35From reports of Professor John Levi of 27 May 2008 and Professor Andrew Grulich dated 3 November 2008, Mr Gilmore said that he formed the view that his NHL was probably causally linked to his HCV and that Dr Waugh's apparent negligence had potentially caused him far greater damage than previously thought. In November 2008 he also came to believe that any judgment against Dr Quittner was unlikely to be satisfied.
36In March 2009, in response to an inquiry from Mr Benjamin, Dr Waugh stated that he had no record or recollection that Dr Quittner had told him that Mr Gilmore had been tested for HCV prior to 1 March 2001 (although Dr Waugh's letter of 1 March 2001 said that he would like Mr Gilmore to be screened for HCV "again" - see [10] above). Mr Gilmore expressed surprise at Dr Waugh's response because he had expected him to say that Dr Quittner had told him that Mr Gilmore had been tested.

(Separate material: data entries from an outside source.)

(* For every tube $\mathcal T$, $\mathrm{fpdim}(\mathcal T)=1$.
   Context: $\Bbbk$ is algebraically closed. A tube (of rank $r\ge1$) is the $\Bbbk$-linear abelian category of finite-dimensional nilpotent representations of the quiver with $r$ vertices forming an oriented cycle (for $r=1$, one vertex with one loop). For a $\Bbbk$-linear abelian category $\mathcal C$: an object $M$ is a brick if $\mathrm{Hom}_{\mathcal C}(M,M)=\Bbbk$; a finite set $\phi=\{X_1,\dots,X_n\}$ of nonzero objects is a brick set if every $X_i$ is a brick and $\dim\mathrm{Hom}_{\mathcal C}(X_i,X_j)=\delta_{ij}$; its adjacency matrix is $C(\phi)=(\dim\mathrm{Ext}^1_{\mathcal C}(X_i,X_j))_{i,j}$; $\rho$ is the spectral radius; $\mathrm{fpdim}(\mathcal C)=\sup\{\rho(C(\phi)):\phi\text{ a brick set}\}$. *)

theory Defs
  imports "HOL-Computational_Algebra.Polynomial" "HOL-Library.Function_Algebras"
    "Jordan_Normal_Form.Spectral_Radius" "HOL-Library.Extended_Real"
begin

text \<open>A representation of the cyclic quiver with r vertices 0,...,r-1 and arrows
  i -> (i+1) mod r (for r = 1: one loop). It is given by dimensions d i and
  matrices A i (entry A i a b, row a < d ((i+1) mod r), column b < d i),
  i.e. A i : k^(d i) -> k^(d ((i+1) mod r)). Linear maps are represented by
  finitely supported functions nat => nat => 'k.\<close>

type_synonym 'k qrep = "(nat \<Rightarrow> nat) \<times> (nat \<Rightarrow> nat \<Rightarrow> nat \<Rightarrow> 'k)"

definition nxt :: "nat \<Rightarrow> nat \<Rightarrow> nat" where
  "nxt r i = Suc i mod r"

definition mmul :: "nat \<Rightarrow> (nat \<Rightarrow> nat \<Rightarrow> 'k::field) \<Rightarrow> (nat \<Rightarrow> nat \<Rightarrow> 'k) \<Rightarrow> nat \<Rightarrow> nat \<Rightarrow> 'k" where
  "mmul n X Y = (\<lambda>a c. \<Sum>b<n. X a b * Y b c)"

definition supp_in :: "nat \<Rightarrow> nat \<Rightarrow> (nat \<Rightarrow> nat \<Rightarrow> 'k::zero) \<Rightarrow> bool" where
  "supp_in m n X \<longleftrightarrow> (\<forall>a b. (a \<ge> m \<or> b \<ge> n) \<longrightarrow> X a b = 0)"

fun pth :: "nat \<Rightarrow> 'k::field qrep \<Rightarrow> nat \<Rightarrow> nat \<Rightarrow> nat \<Rightarrow> nat \<Rightarrow> 'k" where
  "pth r M i 0 = (\<lambda>a b. if a = b \<and> a < fst M i then 1 else 0)"
| "pth r M i (Suc n) = mmul (fst M ((i + n) mod r)) (snd M ((i + n) mod r)) (pth r M i n)"

definition is_rep :: "nat \<Rightarrow> 'k::field qrep \<Rightarrow> bool" where
  "is_rep r M \<longleftrightarrow> (\<forall>i\<ge>r. fst M i = 0 \<and> snd M i = (\<lambda>_ _. 0)) \<and>
     (\<forall>i<r. supp_in (fst M (nxt r i)) (fst M i) (snd M i))"

text \<open>objects of the tube of rank r: finite-dimensional nilpotent representations\<close>
definition tube_obj :: "nat \<Rightarrow> 'k::field qrep \<Rightarrow> bool" where
  "tube_obj r M \<longleftrightarrow> is_rep r M \<and> (\<exists>N. \<forall>i<r. pth r M i N = (\<lambda>_ _. 0))"

definition nonzero_rep :: "nat \<Rightarrow> 'k::field qrep \<Rightarrow> bool" where
  "nonzero_rep r M \<longleftrightarrow> (\<exists>i<r. fst M i > 0)"

definition fsc :: "'k::field \<Rightarrow> (nat \<Rightarrow> nat \<Rightarrow> nat \<Rightarrow> 'k) \<Rightarrow> (nat \<Rightarrow> nat \<Rightarrow> nat \<Rightarrow> 'k)" where
  "fsc c g = (\<lambda>i a b. c * g i a b)"

definition dimk :: "(nat \<Rightarrow> nat \<Rightarrow> nat \<Rightarrow> 'k::field) set \<Rightarrow> nat" where
  "dimk S = Vector_Spaces.vector_space.dim fsc S"

text \<open>families of k-linear maps M_i -> N_i (vertexwise), the domain of the standard
  map whose kernel is Hom and whose cokernel is Ext^1\<close>
definition vmaps :: "nat \<Rightarrow> 'k::field qrep \<Rightarrow> 'k qrep \<Rightarrow> (nat \<Rightarrow> nat \<Rightarrow> nat \<Rightarrow> 'k) set" where
  "vmaps r M N = {g. (\<forall>i\<ge>r. g i = (\<lambda>_ _. 0)) \<and> (\<forall>i<r. supp_in (fst N i) (fst M i) (g i))}"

37Mr Gilmore summarised his reasons for not proceeding earlier against Drs Waugh and Barr as follows:
"In summary, from my perspective, the reasons for the delay in proceeding against Dr Waugh and Dr Barr are:
a) initial legal advice received that firstly I had no claim against anyone other than Dr Quittner because the damage had already been done by 2001
b) legal advice casting doubt on whether Dr Waugh was responsible for my permanent damage
c) my belief that Dr Quittner had told Dr Waugh that I had previously been tested for HCV
d) the need to establish a causative link between HCV and NHL
e) investigations into joining the insurers of Dr Quittner
f) my personal difficulties, including
i my health problems, all of which I say have been caused or contributed to by the negligence of Drs Quittner, Waugh and/or Barr,
ii the effect of the medications I have to take to stay alive causing an inability to mentally focus on things,
iii the necessity to earn income to try to meet my financial commitments and support my family".
38Mr Benjamin, who was not cross-examined, gave evidence concerning the period in which he acted for Mr Gilmore that supported Mr Gilmore's evidence. Mr Benjamin summarised the reasons for the delay in proceeding against Drs Waugh and Barr as follows:
"In summary the reasons for the delay in proceeding against Drs Waugh and Barr are:
(a) The Plaintiff and I were not aware that there was any link between their alleged negligence and the Plaintiff's damage until we received Dr Penny's report of 3 April 2006, which stated that contrary to our then held belief that the damage to the Plaintiff's kidneys had already been done, treatment of the HCV at any time up to late 2003 would have prevented the permanent damage
(b) Although Dr Waugh appeared to have been negligent in not testing for HCV, there were doubts as to the damage that had [been] caused given the Plaintiff's HCV had been discovered some 5 months later after which he had been referred to a gastroenterologist
(c) We did not know Dr Barr may have failed in his duty of care until we received Dr Vickers' report of 28 August 2008
(d) Plaintiff's unstable condition
(e) establishing the link between the Plaintiff's HCV and NHL
(f) investigating the joining of the insurers of Dr Quittner
(g) difficulty in obtaining instructions from the Plaintiff due to his condition and the drugs he is forced to take".